Any one heard any good black friday rumors ????

From another source

"""It would behoove each of you to meet with your local Wal-mart and other large retailers so to ensure that fire safety is not overlooked when they are setting up for the November 27 mega-sale. Wal-mart is in the forefront of this due to the loss of life incurred at one of their stores last year. One of the things Wal-mart has been caught planning to do is to create one side of the store as enter only with the other side as exit only. The other is to create aisles using street cones and rope. I urge each of you to do what is necessary to assist them in their planning so to maintain the required levels of safety."""

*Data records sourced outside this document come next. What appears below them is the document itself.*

lemma bounded_differences_integrable:
  assumes "prob_space M" "f \<in> borel_measurable (sample_space M n)" "bounded_differences M n f w"
  shows "integrable (sample_space M n) f"
proof -
  interpret prob_space "sample_space M n"
    using assms(1) by (rule prob_space_sample_space)
  obtain B where "\<And>x. x \<in> space (sample_space M n) \<Longrightarrow> \<bar>f x\<bar> \<le> B"
    using bounded_differences_imp_bounded[OF assms(3)] by blast
  then show ?thesis
    using assms(2) by (intro integrable_const_bound[where B = B]) auto
qed

lemma Hoeffdings_lemma_bounded_differences:
  fixes g :: "'a \<Rightarrow> real"
  assumes M: "prob_space M" and l: "0 < l" and g: "g \<in> borel_measurable M"
    and diff: "\<And>y y'. y \<in> space M \<Longrightarrow> y' \<in> space M \<Longrightarrow> g y - g y' \<le> w"
  shows "(\<integral>\<^sup>+y. ennreal (exp (l * (g y - (\<integral>z. g z \<partial>M)))) \<partial>M) \<le> ennreal (exp (l\<^sup>2 * w\<^sup>2 / 8))"
proof -
  interpret prob_space M by fact
  define a where "a = Inf (g ` space M)"
  have bdd: "bdd_below (g ` space M)"
  proof -
    obtain y0 where "y0 \<in> space M" using not_empty by blast
    then have "g y0 - w \<le> g y" if "y \<in> space M" for y
      using diff[OF _ that, of y0] by simp
    then show ?thesis by (auto simp: bdd_below_def)
  qed
  have "g y \<in> {a..a + w}" if y: "y \<in> space M" for y
  proof -
    have "g y - w \<le> g y'" if "y' \<in> space M" for y'
      using diff[OF y that] by simp
    then have "g y - w \<le> a"
      unfolding a_def using not_empty by (auto intro!: cInf_greatest)
    moreover have "a \<le> g y"
      unfolding a_def using y bdd by (auto intro!: cInf_lower)
    ultimately show ?thesis by simp
  qed
  then interpret interval_bounded_random_variable M g a "a + w"
    using g by unfold_locales auto
  show ?thesis
    using Hoeffdings_lemma_nn_integral[OF l] by simp
qed

lemma measurable_sample_space_Suc_update:
  assumes "f \<in> borel_measurable (sample_space M (Suc n))" "x \<in> space (sample_space M n)"
  shows "(\<lambda>y. f (x(n := y))) \<in> borel_measurable M"
proof -
  have "x \<in> space (PiM {..<n} (\<lambda>_. M))" "f \<in> borel_measurable (PiM (insert n {..<n}) (\<lambda>_. M))"
    using assms by (simp_all add: sample_space_def lessThan_Suc)
  from measurable_compose[OF measurable_component_update[OF this(1), of n] this(2)]
  show ?thesis by simp
qed

lemma integrable_sample_space_Suc_update:
  assumes M: "prob_space M" and f: "f \<in> borel_measurable (sample_space M (Suc n))"
    and diff: "bounded_differences M (Suc n) f w" and x: "x \<in> space (sample_space M n)"
  shows "integrable M (\<lambda>y. f (x(n := y)))"
proof -
  interpret prob_space M by fact
  obtain B where "\<And>x. x \<in> space (sample_space M (Suc n)) \<Longrightarrow> \<bar>f x\<bar> \<le> B"
    using bounded_differences_imp_bounded[OF diff] by blast
  then show ?thesis
    using measurable_sample_space_Suc_update[OF f x] sample_space_Suc_fun_upd[OF x]
    by (intro integrable_const_bound[where B = B]) auto
qed

lemma measurable_integral_last:
  fixes f :: "(nat \<Rightarrow> 'a) \<Rightarrow> real"
  assumes M: "prob_space M" and f: "f \<in> borel_measurable (sample_space M (Suc n))"
  shows "(\<lambda>x. \<integral>y. f (x(n := y)) \<partial>M) \<in> borel_measurable (sample_space M n)"
proof -
  have "f \<in> borel_measurable (PiM (insert n {..<n}) (\<lambda>_. M))"
    using f by (simp add: sample_space_def lessThan_Suc)
  from measurable_compose[OF measurable_add_dim[of n "{..<n}" "\<lambda>_. M"] this]
  have "(\<lambda>(x, y). f (x(n := y))) \<in> borel_measurable (sample_space M n \<Otimes>\<^sub>M M)"
    by (simp add: split_beta' sample_space_def)
  then show ?thesis
    by (rule sigma_finite_measure.borel_measurable_lebesgue_integral[OF prob_space_imp_sigma_finite[OF M]])
qed

lemma bounded_differences_integral_last:
  assumes M: "prob_space M" and f: "f \<in> borel_measurable (sample_space M (Suc n))"
    and diff: "bounded_differences M (Suc n) f w"
  shows "bounded_differences M n (\<lambda>x. \<integral>z. f (x(n := z)) \<partial>M) w"
  unfolding bounded_differences_def
proof safe
  interpret prob_space M by fact
  fix k x y y' assume k: "k < n" and x: "x \<in> space (sample_space M n)"
    and y: "y \<in> space M" and y': "y' \<in> space M"
  have int: "integrable M (\<lambda>z. f (x(k := u, n := z)))" if "u \<in> space M" for u
    using integrable_sample_space_Suc_update[OF M f diff sample_space_fun_upd[OF x that k]] .
  have "f (x(k := y, n := z)) - f (x(k := y', n := z)) \<le> w" if z: "z \<in> space M" for z
  proof -
    have "x(k := y, n := z) = (x(n := z))(k := y)" "x(k := y', n := z) = (x(n := z))(k := y')"
      using k by (auto simp: fun_upd_twist)
    then show ?thesis
      using bounded_differencesD[OF diff _ sample_space_Suc_fun_upd[OF x z] y y'] k by simp
  qed
  then have "(\<integral>z. f (x(k := y, n := z)) - f (x(k := y', n := z)) \<partial>M) \<le> (\<integral>z. w \<partial>M)"
    using int[OF y] int[OF y'] by (intro integral_mono) auto
  then show "(\<integral>z. f ((x(k := y))(n := z)) \<partial>M) - (\<integral>z. f ((x(k := y'))(n := z)) \<partial>M) \<le> w"
    using int[OF y] int[OF y'] by (simp add: prob_space)
qed

lemma nn_integral_exp_update_last_le:
  assumes M: "prob_space M" and l: "0 < l" and f: "f \<in> borel_measurable (sample_space M (Suc n))"
    and diff: "bounded_differences M (Suc n) f w" and x: "x \<in> space (sample_space M n)"
  shows "(\<integral>\<^sup>+y. ennreal (exp (l * (f (x(n := y)) - E))) \<partial>M)
    \<le> ennreal (exp (l * ((\<integral>z. f (x(n := z)) \<partial>M) - E))) * ennreal (exp (l\<^sup>2 * w\<^sup>2 / 8))"
proof -
  let ?g = "\<lambda>y. f (x(n := y))"
  let ?m = "\<integral>z. f (x(n := z)) \<partial>M"
  have g: "?g \<in> borel_measurable M"
    by (rule measurable_sample_space_Suc_update[OF f x])
  have "?g y - ?g y' \<le> w" if "y \<in> space M" "y' \<in> space M" for y y'
    using bounded_differencesD[OF diff lessI sample_space_Suc_fun_upd[OF x that(1)] that]
    by (simp only: fun_upd_upd)
  then have hoeffding: "(\<integral>\<^sup>+y. ennreal (exp (l * (?g y - ?m))) \<partial>M) \<le> ennreal (exp (l\<^sup>2 * w\<^sup>2 / 8))"
    by (rule Hoeffdings_lemma_bounded_differences[OF M l g])
  have "(\<integral>\<^sup>+y. ennreal (exp (l * (?g y - E))) \<partial>M) =
      (\<integral>\<^sup>+y. ennreal (exp (l * (?m - E))) * ennreal (exp (l * (?g y - ?m))) \<partial>M)"
    by (intro nn_integral_cong) (simp add: ennreal_mult[symmetric] exp_add[symmetric] algebra_simps)
  also have "\<dots> = ennreal (exp (l * (?m - E))) * (\<integral>\<^sup>+y. ennreal (exp (l * (?g y - ?m))) \<partial>M)"
    by (rule nn_integral_cmult) (use g in measurable)
  also have "\<dots> \<le> ennreal (exp (l * (?m - E))) * ennreal (exp (l\<^sup>2 * w\<^sup>2 / 8))"
    by (intro mult_left_mono hoeffding) auto
  finally show ?thesis .
qed

lemma mcdiarmid_nn_integral_exp:
  assumes M: "prob_space M" and l: "0 < l"
    and f: "f \<in> borel_measurable (sample_space M n)" and diff: "bounded_differences M n f w"
  shows "(\<integral>\<^sup>+x. ennreal (exp (l * (f x - (\<integral>x. f x \<partial>sample_space M n)))) \<partial>sample_space M n)
    \<le> ennreal (exp (l\<^sup>2 * real n * w\<^sup>2 / 8))"
  using f diff
proof (induction n arbitrary: f)
  case 0
  show ?case
    by (simp add: sample_space_def PiM_empty nn_integral_count_space_finite
        lebesgue_integral_count_space_finite)
next
  case (Suc n)
  interpret P: product_prob_space "\<lambda>_::nat. M" UNIV
    by (simp add: product_prob_space_def product_sigma_finite_def product_prob_space_axioms_def
        M prob_space_imp_sigma_finite)
  let ?S = "sample_space M n"
  define C where "C = exp (l\<^sup>2 * w\<^sup>2 / 8)"
  define f1 where "f1 x = (\<integral>y. f (x(n := y)) \<partial>M)" for x
  define E where "E = (\<integral>x. f1 x \<partial>?S)"
  have f_insert: "f \<in> borel_measurable (PiM (insert n {..<n}) (\<lambda>_. M))"
    using Suc.prems(1) by (simp add: sample_space_def lessThan_Suc)
  have f1_meas: "f1 \<in> borel_measurable ?S"
    unfolding f1_def by (rule measurable_integral_last[OF M Suc.prems(1)])
  have f1_diff: "bounded_differences M n f1 w"
    unfolding f1_def by (rule bounded_differences_integral_last[OF M Suc.prems])
  have E_eq: "(\<integral>x. f x \<partial>sample_space M (Suc n)) = E"
    unfolding E_def f1_def sample_space_def lessThan_Suc
    using bounded_differences_integrable[OF M Suc.prems] f_insert
    by (intro P.product_integral_insert) (auto simp: sample_space_def lessThan_Suc)
  have step: "(\<integral>\<^sup>+y. ennreal (exp (l * (f (x(n := y)) - E))) \<partial>M) \<le> ennreal (exp (l * (f1 x - E))) * C"
    if "x \<in> space ?S" for x
    unfolding f1_def C_def by (rule nn_integral_exp_update_last_le[OF M l Suc.prems that])
  have "(\<integral>\<^sup>+x. ennreal (exp (l * (f x - E))) \<partial>sample_space M (Suc n)) =
      (\<integral>\<^sup>+x. (\<integral>\<^sup>+y. ennreal (exp (l * (f (x(n := y)) - E))) \<partial>M) \<partial>?S)"
    unfolding sample_space_def lessThan_Suc using f_insert by (intro P.product_nn_integral_insert) auto
  also have "\<dots> \<le> (\<integral>\<^sup>+x. ennreal (exp (l * (f1 x - E))) * C \<partial>?S)"
    by (intro nn_integral_mono step)
  also have "\<dots> = (\<integral>\<^sup>+x. ennreal (exp (l * (f1 x - E))) \<partial>?S) * C"
    by (rule nn_integral_multc) (use f1_meas in measurable)
  also have "\<dots> \<le> ennreal (exp (l\<^sup>2 * real n * w\<^sup>2 / 8)) * C"
    unfolding E_def by (intro mult_right_mono Suc.IH[OF f1_meas f1_diff]) auto
  also have "\<dots> = ennreal (exp (l\<^sup>2 * real (Suc n) * w\<^sup>2 / 8))"
    by (simp add: C_def ennreal_mult[symmetric] exp_add[symmetric] algebra_simps add_divide_distrib)
  finally show ?case
    by (simp add: E_eq)
qed

section \<open>Bernstein's inequality and the choice of \<open>\<lambda>\<close>\<close>

lemma bernstein_nn_integral_exp:
  fixes h :: "'a \<Rightarrow> real"
  assumes M: "prob_space M" and h: "h \<in> borel_measurable M"
    and range: "\<And>y. y \<in> space M \<Longrightarrow> 0 \<le> h y \<and> h y \<le> b"
    and lam: "0 \<le> lam" "lam * b < 3"
  shows "(\<integral>\<^sup>+y. ennreal (exp (lam * ((\<integral>z. h z \<partial>M) - h y)
            - bernstein_coeff (lam * b) * lam\<^sup>2 * hvar M h)) \<partial>M) \<le> 1"
proof -
  interpret prob_space M by fact
  define m where "m = (\<integral>z. h z \<partial>M)"
  define K where "K = bernstein_coeff (lam * b) * lam\<^sup>2 * hvar M h"
  have b: "0 \<le> b" using range not_empty by fastforce
  have bounded: "\<bar>h y\<bar> \<le> b" if "y \<in> space M" for y
    using range[OF that] by simp
  have int_h: "integrable M h"
    using h bounded by (intro integrable_const_bound[where B = b]) auto
  have m: "0 \<le> m" "m \<le> b"
    using integral_mono[of M h "\<lambda>_. b"] int_h range prob_space
    by (auto simp: m_def intro!: integral_nonneg)
  have "(h y - m)\<^sup>2 \<le> b\<^sup>2" if "y \<in> space M" for y
    using abs_le_square_iff[of "h y - m" b] range[OF that] m b by auto
  then have int_sq: "integrable M (\<lambda>y. (h y - m)\<^sup>2)"
    using h by (intro integrable_const_bound[where B = "b\<^sup>2"]) auto
  have exponent_le: "lam * (m - h y) \<le> lam * b" if "y \<in> space M" for y
    using range[OF that] m lam by (intro mult_left_mono) auto
  then have int_exp: "integrable M (\<lambda>y. exp (lam * (m - h y)))"
    using h by (intro integrable_const_bound[where B = "exp (lam * b)"]) auto
  have "(\<integral>y. exp (lam * (m - h y)) \<partial>M)
      \<le> (\<integral>y. 1 + lam * (m - h y) + bernstein_coeff (lam * b) * (lam * (m - h y))\<^sup>2 \<partial>M)"
    using int_h int_sq int_exp exponent_le lam b
    by (intro integral_mono exp_le_bernstein) (auto simp: power_mult_distrib power2_commute)
  also have "\<dots> = (\<integral>y. 1 + lam * (m - h y) \<partial>M) + (\<integral>y. bernstein_coeff (lam * b) * lam\<^sup>2 * (h y - m)\<^sup>2 \<partial>M)"
    using int_h int_sq
    by (simp add: power_mult_distrib power2_commute mult.assoc mult.left_commute[of _ "lam\<^sup>2"])
  also have "\<dots> = 1 + K"
    using int_h prob_space by (simp add: K_def m_def hvar_def)
  also have "\<dots> \<le> exp K"
    by (rule exp_ge_add_one_self)
  finally have "(\<integral>y. exp (lam * (m - h y) - K) \<partial>M) \<le> 1"
    by (simp add: exp_diff)
  moreover have "(\<integral>\<^sup>+y. ennreal (exp (lam * (m - h y) - K)) \<partial>M) = ennreal (\<integral>y. exp (lam * (m - h y) - K) \<partial>M)"
    using int_exp by (intro nn_integral_eq_integral) (auto simp: exp_diff)
  ultimately show ?thesis
    by (simp add: m_def K_def ennreal_le_1)
qed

http://jjb.yuku.com/topic/573816/t/Walm ... rowds.html


----------



## RJJ (Nov 23, 2009)

Re: Black Friday Rumors

Code Books are free at ICC from 12:00 noon until the close of business that day. :lol:


----------



## Pcinspector1 (Nov 23, 2009)

Re: Black Friday Rumors

cda,

I was in the nearby city's Walmart, And the main aisles where 20-25' wide, I counted the tiles. I thought they were going out of buisness. Average Joe hardware could'nt make it with all that wasted space. Thanks for the tip.


----------



## High Desert (Nov 23, 2009)

Re: Black Friday Rumors

Never, ever, ever stand between a rabid Wal Mart shopper and a Black Friday sale!


----------



## JBI (Nov 24, 2009)

Re: Black Friday Rumors

H D - Personally, I won't go shopping on Black Friday. Maybe the local convenience store for a quart of milk and the newspaper, but that's about it.

I heard Wal-Mart is starting its' own cable TV network. Their first new show is going to be along the lines of 'Americas Funniest Home Videos'. I heard they're calling it 'Americas Scariest Sale Shoppers' and it will feature security footage from Black Friday.

Tune in tomorrow, same Wal-Time, same Wal-Channel... dada dadada, Wal-Mart!

Holy Red tag Wal-Martman, WHAT NOW?!?   :lol:  :lol:  :lol:


----------